# Cleaning Process
## Comprehensive Data Description

**Dataset Overview:**  

| Column | Data Type | Description |
|--------|-----------|-------------|
| `vehicle_id` | int | Unique identifier for each autonomous vehicle |
| `timestamp` | object/datetime | Date and time of the measurement |
| `gps_latitude` | float | Latitude position of the vehicle from GPS sensor |
| `gps_longitude` | float | Longitude position of the vehicle from GPS sensor |
| `lidar_points` | int | Number of points detected by the LiDAR sensor |
| `radar_objects` | int | Number of objects detected by the radar sensor |
| `camera_objects` | int | Number of objects detected by the camera sensor |
| `packet_drop_rate` | float | Fraction of lost communication packets |
| `packet_delivery_ratio` | float | Ratio of successfully delivered packets |
| `latency_ms` | float | Communication latency in milliseconds |
| `throughput_kbps` | float | Network throughput in kilobits per second |
| `collision_detected` | int (0 or 1) | Binary indicator if collision occurred |
| `obstacle_detection_accuracy` | float | Accuracy of obstacle detection (0–1) |
| `decision_accuracy` | float | Accuracy of autonomous decision making (0–1) |

**Summary Statistics:**  

- Sensor features (`lidar_points`, `radar_objects`, `camera_objects`) vary depending on environment.  
- Network features (`latency_ms`, `throughput_kbps`, `packet_drop_rate`) vary due to wireless communication conditions.  
- Accuracy features (`obstacle_detection_accuracy`, `decision_accuracy`) mostly range 0.7–0.9.

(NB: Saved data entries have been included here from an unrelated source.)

text \<open>Instantiated with a fixed \<open>n\<close>, these rules have no variables outside their conclusions,
  so the simplifier can use them to normalise expressions in square matrices.\<close>

lemma square_mat_ring_simps:
  fixes A B C :: "'a::comm_ring mat"
  shows "A \<in> carrier_mat n n \<Longrightarrow> B \<in> carrier_mat n n \<Longrightarrow> A * B \<in> carrier_mat n n"
    and "A \<in> carrier_mat n n \<Longrightarrow> B \<in> carrier_mat n n \<Longrightarrow> A - B \<in> carrier_mat n n"
    and "A \<in> carrier_mat n n \<Longrightarrow> B \<in> carrier_mat n n \<Longrightarrow> C \<in> carrier_mat n n \<Longrightarrow>
      A * B * C = A * (B * C)"
    and "A \<in> carrier_mat n n \<Longrightarrow> B \<in> carrier_mat n n \<Longrightarrow> C \<in> carrier_mat n n \<Longrightarrow>
      A * (B - C) = A * B - A * C"
    and "A \<in> carrier_mat n n \<Longrightarrow> B \<in> carrier_mat n n \<Longrightarrow> C \<in> carrier_mat n n \<Longrightarrow>
      (A - B) * C = A * C - B * C"
    and "A \<in> carrier_mat n n \<Longrightarrow> B \<in> carrier_mat n n \<Longrightarrow> mat_trace (A - B) = mat_trace A - mat_trace B"
  by (auto simp: mult_minus_distrib_mat minus_mult_distrib_mat mat_trace_minus)

lemma mat_trace_projection_product_ineq:
  fixes H Q :: "complex mat"
  assumes H: "H \<in> carrier_mat N N" and Q: "Q \<in> carrier_mat N N"
    and HH: "H * H = H" and QQ: "Q * Q = Q"
    and adjH: "mat_adjoint H = H" and adjQ: "mat_adjoint Q = Q"
  defines "t m \<equiv> mat_trace ((H * Q) ^\<^sub>m m)"
  shows "(t 1 - t 2)\<^sup>2 \<le> (mat_trace H - t 1) * (t 2 - t 3)"
proof -
  have HHZ: "H * (H * Z) = H * Z" if "Z \<in> carrier_mat N N" for Z
    using assoc_mult_mat[OF H H that] HH by simp
  have QQZ: "Q * (Q * Z) = Q * Z" if "Z \<in> carrier_mat N N" for Z
    using assoc_mult_mat[OF Q Q that] QQ by simp
  define K where "K = H * (Q * H)"
  define X where "X = H - Q * H"
  define Y where "Y = X * K"
  have K: "K \<in> carrier_mat N N" and X: "X \<in> carrier_mat N N" and Y: "Y \<in> carrier_mat N N"
    unfolding K_def X_def Y_def using H Q by auto
  have adjK: "mat_adjoint K = K"
    unfolding K_def using mat_adjoint_mult[OF H mult_carrier_mat[OF Q H]] mat_adjoint_mult[OF Q H] H Q
    by (simp add: adjH adjQ)
  have adjX: "mat_adjoint X = H - H * Q"
    unfolding X_def using mat_adjoint_minus[OF H mult_carrier_mat[OF Q H]] mat_adjoint_mult[OF Q H]
    by (simp add: adjH adjQ)
  have adjKK: "mat_adjoint (K * K) = K * K"
    using mat_adjoint_mult[OF K K] by (simp add: adjK)
  have t: "t m = mat_trace (K ^\<^sub>m m)" for m
    using mat_trace_pow_mult_absorb[OF H _ HHZ, of "Q"] H Q unfolding t_def K_def by simp
  note simps = square_mat_ring_simps[where n = N] HH HHZ QQZ
  have XX: "mat_trace (mat_adjoint X * X) = mat_trace H - mat_trace K"
    unfolding adjX unfolding X_def K_def using H Q by (simp add: simps)
  have XY: "mat_trace (mat_adjoint X * Y) = mat_trace K - mat_trace (K * K)"
    unfolding adjX unfolding Y_def X_def K_def using H Q by (simp add: simps)
  have YY: "mat_trace (mat_adjoint Y * Y) = mat_trace (K * K) - mat_trace (K * K * K)"
    unfolding Y_def mat_adjoint_mult[OF X K] adjK adjX unfolding X_def K_def using H Q by (simp add: simps)
  have "cnj (mat_trace (mat_adjoint X * Y)) = mat_trace (mat_adjoint X * Y)"
    unfolding XY using mat_trace_mat_adjoint[OF K] mat_trace_mat_adjoint[of "K * K" N] K
    by (simp add: adjK adjKK)
  moreover have "K ^\<^sub>m 2 = K * K" and "K ^\<^sub>m 3 = K * K * K"
    using K by (simp_all add: numeral_2_eq_2 numeral_3_eq_3)
  ultimately show ?thesis
    using mat_trace_adjoint_mult_sq_le[OF X Y] unfolding XX XY YY t using K by simp
qed

theorem lemma2:
  fixes n r :: nat and P :: "complex mat"
  assumes "n \<ge> 2"
    and "P \<in> carrier_mat (n^2) (n^2)"
    and "mat_adjoint P = P"
    and "P * P = P"
    and "vec_space.rank (n^2) P = r"
  shows "let P1 = kron P (1\<^sub>m n); P2 = kron (1\<^sub>m n) P;
             t = (\<lambda>m::nat. mat_trace ((P1 * P2) ^\<^sub>m m));
             F = (of_nat (r * n) - t 1) * (t 2 - t 3) - (t 1 - t 2)^2
         in F \<ge> 0"
proof -
  note P = assms(2) and adjP = assms(3) and idem = assms(4) and rank = assms(5)
  define H where "H = kron P (1\<^sub>m n)"
  define Q where "Q = kron (1\<^sub>m n) P"
  have I: "1\<^sub>m n \<in> carrier_mat n n" by simp
  have H: "H \<in> carrier_mat (n^2 * n) (n^2 * n)" and Q: "Q \<in> carrier_mat (n^2 * n) (n^2 * n)"
    unfolding H_def Q_def using P by (auto intro!: carrier_matI)
  have "H * H = H" and "Q * Q = Q"
    unfolding H_def Q_def kron_mult[OF P I P I] kron_mult[OF I P I P] idem by simp_all
  moreover have "mat_adjoint H = H" and "mat_adjoint Q = Q"
    unfolding H_def Q_def mat_adjoint_kron adjP by simp_all
  moreover have "mat_trace H = of_nat (r * n)"
    unfolding H_def mat_trace_kron[OF P I] vec_space.mat_trace_idempotent_eq_rank[OF P idem] rank
    by simp
  ultimately show ?thesis
    using mat_trace_projection_product_ineq[OF H Q] unfolding Let_def H_def Q_def
    by (simp add: diff_ge_0_iff_ge)
qed

end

_________________________________________
# 1. Data Loading

i. Load dataset

ii. Identify Dataset shape

In [None]:
import pandas as pd
import numpy as np
import matplotlib.pyplot as plt
from scipy.stats import zscore

# Load dataset excluding the modified column
df = pd.read_csv("Dirty_Dataset_with_Log.csv", usecols=lambda col: col not in ["modified_column_name", "modified_row_index"])

print("Dataset loaded successfully.")
display(df.head())

# Dataset shape
print(f"Number of Rows: {df.shape[0]}")
print(f"Number of Columns: {df.shape[1]}\n")


_______________
# Redundant Data Summary

1. Find Redundant Data based on the same Vehicle ID AND Timestamp
2. Remove the Redundant Data

In [None]:
# Identify FULL duplicates (entire row is identical)
full_duplicates = df[df.duplicated(keep=False)]

print("\nFULL redundant rows:")
display(full_duplicates)

# Remove only TRUE duplicates (entire row same)
df_cleaned = df.drop_duplicates(keep="first")

print("\nAfter removing redundant rows:", df_cleaned.shape)

# Save cleaned CSV
df_cleaned.to_csv("Cleaned_Dataset.csv", index=False)
print("\nCleaned dataset saved as Cleaned_Dataset.csv")


_________________________________________________
# Cleaned Dataset Overview

In [None]:
print("Dataset Info (Cleaned):")
df_cleaned.info()

print("\nSummary Statistics (Cleaned):")
display(df_cleaned.describe())

# Missing Values Summary

In [None]:
missing_rows = df_cleaned[df_cleaned.isna().any(axis=1)].copy()

# Identify which columns are missing in each row
missing_rows["missing_columns"] = missing_rows.apply(
    lambda row: [col for col in df_cleaned.columns if pd.isna(row[col])],
    axis=1
)

# Show only key columns
missing_info = missing_rows[["vehicle_id", "timestamp", "missing_columns"]]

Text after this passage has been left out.